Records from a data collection

__________

(* V_p is a polynomial, hence C^1; on the punctured closed ball of radius r it is positive and,
   having negative derivative along f, has no critical point.  Let c be its minimum over the sphere
   |x| = r.  The closure of the component of {x in B(r). V_p x < c} containing 0 is
   (p,c)-admissible: an interior point with V_p = c would be a local maximum of V_p, and a
   frontier point with V_p < c would lie in the open component itself.
   Conversely let S be connected, 0 in S and V_p <= c on S.  A point z of S on the sphere
   minimises V_p over the sphere, so the gradient there is a nonzero multiple of z, i.e. the
   radial derivative D z z does not vanish.  By the mean value theorem along rays, near such z
   the values of V_p exceed c outside the ball if D z z > 0, and inside the ball if D z z < 0.
   Hence S cannot pass from inside to outside the ball near any point of the sphere, and by
   connectedness S stays in the closed ball. *)

theory Submission
  imports Defs
begin
(* Let $\Gamma((r^S)_{S\subseteq I})$ be a quitting game satisfying $r^i_i=0$ for all $i\in I$. If all players are abnormal (i.e. $I_*=\emptyset$), then for every $\varepsilon>0$ the game has a stationary $\varepsilon$-equilibrium.
   Context: A quitting game $\Gamma((r^S)_{S\subseteq I})$: finite player set $I=[N]$, vectors $r^S\in[-1,1]^N$ for all $S\subseteq I$; at each stage $t\in\mathbb N$ each player chooses to continue or quit; with $t^*$ the first stage at which some player quits and $S^*$ the set of players quitting then ($S^*=\emptyset$ if nobody ever quits), the payoff is $r^{S^*}$. Write $r^i:=r^{\{i\}}$. A (behavior) strategy of player $i$ is a sequence $x_i=(x_i^t)_{t\in\mathbb N}\subset[0,1]$, $x_i^t$ being the probability of quitting at stage $t$ if nobody quit before; it is stationary if $x_i^t$ does not depend on $t$. $\gamma(x):=\mathbb E_x[r^{S^*}]$. A profile $x$ is an $\varepsilon$-equilibrium if $\gamma_i(x)\ge\gamma_i(x_i',x_{-i})-\varepsilon$ for all $i$ and all strategies $x_i'$. Normal players: $I_0:=I$, $I_{l+1}:=\{i\in I_l:\ \exists j\in I_l,\ j\neq i,\ r^j_i\le0\}$, and $I_*:=\bigcap_{l}I_l$. Players in $I_*$ are normal, the others abnormal. *)

theory Defs
  imports "HOL-Analysis.Analysis"
begin

text \<open>A payoff system r maps a coalition S (the set of quitters)
to a payoff vector r S :: nat \<Rightarrow> real (component i = payoff of player i).
A strategy profile x maps player i and stage t to the probability x i t of quitting at
stage t (stages are indexed by nat, starting at 0).\<close>

definition players :: "nat \<Rightarrow> nat set" where
  "players N = {..<N}"

definition is_strategy :: "(nat \<Rightarrow> real) \<Rightarrow> bool" where
  "is_strategy y \<longleftrightarrow> (\<forall>t. 0 \<le> y t \<and> y t \<le> 1)"

definition is_profile :: "nat \<Rightarrow> (nat \<Rightarrow> nat \<Rightarrow> real) \<Rightarrow> bool" where
  "is_profile N x \<longleftrightarrow> (\<forall>i\<in>players N. is_strategy (x i))"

__________

• **TO DO**:
Beginning at the top of the entries above, output each line exactly, and end with the line in which "a stationary $\varepsilon$-equilibrium." appears.

• **COMPLETED EXERCISE**:
(* V_p is a polynomial, hence C^1; on the punctured closed ball of radius r it is positive and,
   having negative derivative along f, has no critical point.  Let c be its minimum over the sphere
   |x| = r.  The closure of the component of {x in B(r). V_p x < c} containing 0 is
   (p,c)-admissible: an interior point with V_p = c would be a local maximum of V_p, and a
   frontier point with V_p < c would lie in the open component itself.
   Conversely let S be connected, 0 in S and V_p <= c on S.  A point z of S on the sphere
   minimises V_p over the sphere, so the gradient there is a nonzero multiple of z, i.e. the
   radial derivative D z z does not vanish.  By the mean value theorem along rays, near such z
   the values of V_p exceed c outside the ball if D z z > 0, and inside the ball if D z z < 0.
   Hence S cannot pass from inside to outside the ball near any point of the sphere, and by
   connectedness S stays in the closed ball. *)

theory Submission
  imports Defs
begin
(* Let $\Gamma((r^S)_{S\subseteq I})$ be a quitting game satisfying $r^i_i=0$ for all $i\in I$. If all players are abnormal (i.e. $I_*=\emptyset$), then for every $\varepsilon>0$ the game has a stationary $\varepsilon$-equilibrium.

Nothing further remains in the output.